Work to be completed: The answer should consist of every record, reproduced exactly.

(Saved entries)
(* Let $X=(X_1,\dots,X_n)\sim\mathcal{D}$ be an arbitrary time-dependent Markov chain over $\Omega=\Omega_1\times\dots\times\Omega_n$ with each $\Omega_i$ finite. Then for any $\epsilon>0$ there is a $\Delta$-MRF distribution $\mathcal{D}_\mathcal{M}$ on $\Omega$ such that for every $\omega\in\Omega$, $$\Pr_{Y\sim\mathcal{D}_\mathcal{M}}[Y=\omega]\ge(1-\epsilon)\Pr_{X\sim\mathcal{D}}[X=\omega],$$ where $\Delta=O\big(\log\frac{n\cdot\max_i|\Omega_i|}{\epsilon}\big)$.
   Context: Time-dependent Markov chain: a random variable $X=(X_1,\dots,X_n)\in\Omega$ such that for every $\omega\in\Omega$ and every $i\ge2$, $\Pr[X_i=\omega_i\mid X_j=\omega_j\ \forall j<i]=\Pr[X_i=\omega_i\mid X_{i-1}=\omega_{i-1}]$. MRF: an MRF on $\Omega$ consists of a hypergraph edge set $E'\subseteq2^{[n]}$ and potentials $\psi_i:\Omega_i\to\mathbb{R}$, $\psi_e:\prod_{i\in e}\Omega_i\to\mathbb{R}$, defining $\Pr[Y=u]\propto\exp(\sum_i\psi_i(u_i)+\sum_{e}\psi_e((u_j)_{j\in e}))$; its weighted maximum degree is $\max_i\max_{u\in\Omega}|\sum_{e\ni i}\psi_e((u_j)_{j\in e})|$; a $\Delta$-MRF distribution is one arising from an MRF whose weighted maximum degree is $\Delta$. *)

theory Defs
  imports Complex_Main "HOL-Library.FuncSet"
begin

Task response:
(* Let $X=(X_1,\dots,X_n)\sim\mathcal{D}$ be an arbitrary time-dependent Markov chain over $\Omega=\Omega_1\times\dots\times\Omega_n$ with each $\Omega_i$ finite. Then for any $\epsilon>0$ there is a $\Delta$-MRF distribution $\mathcal{D}_\mathcal{M}$ on $\Omega$ such that for every $\omega\in\Omega$, $$\Pr_{Y\sim\mathcal{D}_\mathcal{M}}[Y=\omega]\ge(1-\epsilon)\Pr_{X\sim\mathcal{D}}[X=\omega],$$ where $\Delta=O\big(\log\frac{n\cdot\max_i|\Omega_i|}{\epsilon}\big)$.
   Context: Time-dependent Markov chain: a random variable $X=(X_1,\dots,X_n)\in\Omega$ such that for every $\omega\in\Omega$ and every $i\ge2$, $\Pr[X_i=\omega_i\mid X_j=\omega_j\ \forall j<i]=\Pr[X_i=\omega_i\mid X_{i-1}=\omega_{i-1}]$. MRF: an MRF on $\Omega$ consists of a hypergraph edge set $E'\subseteq2^{[n]}$ and potentials $\psi_i:\Omega_i\to\mathbb{R}$, $\psi_e:\prod_{i\in e}\Omega_i\to\mathbb{R}$, defining $\Pr[Y=u]\propto\exp(\sum_i\psi_i(u_i)+\sum_{e}\psi_e((u_j)_{j\in e}))$; its weighted maximum degree is $\max_i\max_{u\in\Omega}|\sum_{e\ni i}\psi_e((u_j)_{j\in e})|$; a $\Delta$-MRF distribution is one arising from an MRF whose weighted maximum degree is $\Delta$. *)

theory Defs
  imports Complex_Main "HOL-Library.FuncSet"
begin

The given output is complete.